(* The dual problem $\min_{(\lambda,X)\in\mathcal C_F}F(\lambda,X)$ admits a unique solution $(\lambda^*,X^* )$. Equivalently, every minimizer $(\lambda,\Gamma,\Theta)$ of $\tilde J$ over $\mathcal C_0$ has the same $\lambda=\lambda^*$ and the same $\chi(\Theta)-\Gamma=X^*$.
   Context: Notation: $\mathbf Q_n$ real symmetric $n\times n$ matrices; $\chi:\mathbf Q_n\to\mathbf Q_n$ the orthogonal projection onto the zero-diagonal symmetric matrices (keeps off-diagonal entries, zeroes the diagonal); $|\cdot|$ the determinant. $\hat\Sigma\in\mathbf Q_n$, $\hat\Sigma\succ0$; $\delta_{max}:=\log|[\hat\Sigma^{-1}-\chi(\hat\Sigma^{-1})]\hat\Sigma|$, and $0<\delta<\delta_{max}$. Define $F(\lambda,X):=-\lambda\big[\log|\hat\Sigma^{-1}+\lambda^{-1}X|+\log|\hat\Sigma|-\delta\big]$, $$\mathcal C_F:=\{(\lambda,X):\ \lambda>0,\ X\in\mathbf Q_n,\ X\preceq I,\ \chi(X)-X\succeq0,\ \hat\Sigma^{-1}+\lambda^{-1}X\succ0\},$$ $$\tilde J(\lambda,\Gamma,\Theta):=\lambda\Big(-\log\big|\hat\Sigma^{-1}+\lambda^{-1}(\chi(\Theta)-\Gamma)\big|-\log|\hat\Sigma|+\delta\Big),$$ $$\mathcal C_0:=\{(\lambda,\Gamma,\Theta)\in\mathbb R\times\mathbf Q_n\times\mathbf Q_n:\ \lambda>0,\ I+\Gamma-\chi(\Theta)\succeq0,\ \Gamma\succeq0,\ \hat\Sigma^{-1}+\lambda^{-1}(\chi(\Theta)-\Gamma)\succ0\}.$$ *)

theory Defs
  imports "HOL-Analysis.Analysis"
begin

definition symm_mat :: "real^'n^'n \<Rightarrow> bool" where
  "symm_mat A \<longleftrightarrow> transpose A = A"

definition psd :: "real^'n^'n \<Rightarrow> bool" where
  "psd A \<longleftrightarrow> symm_mat A \<and> (\<forall>x. 0 \<le> x \<bullet> (A *v x))"

definition pd :: "real^'n^'n \<Rightarrow> bool" where
  "pd A \<longleftrightarrow> symm_mat A \<and> (\<forall>x. x \<noteq> 0 \<longrightarrow> 0 < x \<bullet> (A *v x))"

text \<open>chi: keep off-diagonal entries, zero the diagonal.\<close>
definition offdiag :: "real^'n^'n \<Rightarrow> real^'n^'n" where
  "offdiag A = (\<chi> i j. if i = j then 0 else A $ i $ j)"

definition delta_max :: "real^'n^'n \<Rightarrow> real" where
  "delta_max S = ln (det ((matrix_inv S - offdiag (matrix_inv S)) ** S))"

definition Fdual :: "real^'n^'n \<Rightarrow> real \<Rightarrow> real \<Rightarrow> real^'n^'n \<Rightarrow> real" where
  "Fdual S \<delta> lam X = - lam * (ln (det (matrix_inv S + inverse lam *\<^sub>R X)) + ln (det S) - \<delta>)"

definition C_F :: "real^'n^'n \<Rightarrow> (real \<times> (real^'n^'n)) set" where
  "C_F S = {(lam, X). lam > 0 \<and> symm_mat X \<and> psd (mat 1 - X) \<and> psd (offdiag X - X)
              \<and> pd (matrix_inv S + inverse lam *\<^sub>R X)}"

definition Jtilde :: "real^'n^'n \<Rightarrow> real \<Rightarrow> real \<Rightarrow> real^'n^'n \<Rightarrow> real^'n^'n \<Rightarrow> real" where
  "Jtilde S \<delta> lam \<Gamma> \<Theta> = lam * (- ln (det (matrix_inv S + inverse lam *\<^sub>R (offdiag \<Theta> - \<Gamma>)))
                               - ln (det S) + \<delta>)"

definition C_0 :: "real^'n^'n \<Rightarrow> (real \<times> (real^'n^'n) \<times> (real^'n^'n)) set" where
  "C_0 S = {(lam, \<Gamma>, \<Theta>). lam > 0 \<and> symm_mat \<Gamma> \<and> symm_mat \<Theta>
              \<and> psd (mat 1 + \<Gamma> - offdiag \<Theta>) \<and> psd \<Gamma>
              \<and> pd (matrix_inv S + inverse lam *\<^sub>R (offdiag \<Theta> - \<Gamma>))}"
************
**Work instruction**
Find where the line with "- ln (det S)" sits in the material above, then copy exactly from it through the line with "offdiag \<Theta>) \<and> psd \<Gamma>". Add no other line.

**Finished task**
                               - ln (det S) + \<delta>)"

definition C_0 :: "real^'n^'n \<Rightarrow> (real \<times> (real^'n^'n) \<times> (real^'n^'n)) set" where
  "C_0 S = {(lam, \<Gamma>, \<Theta>). lam > 0 \<and> symm_mat \<Gamma> \<and> symm_mat \<Theta>
              \<and> psd (mat 1 + \<Gamma> - offdiag \<Theta>) \<and> psd \<Gamma>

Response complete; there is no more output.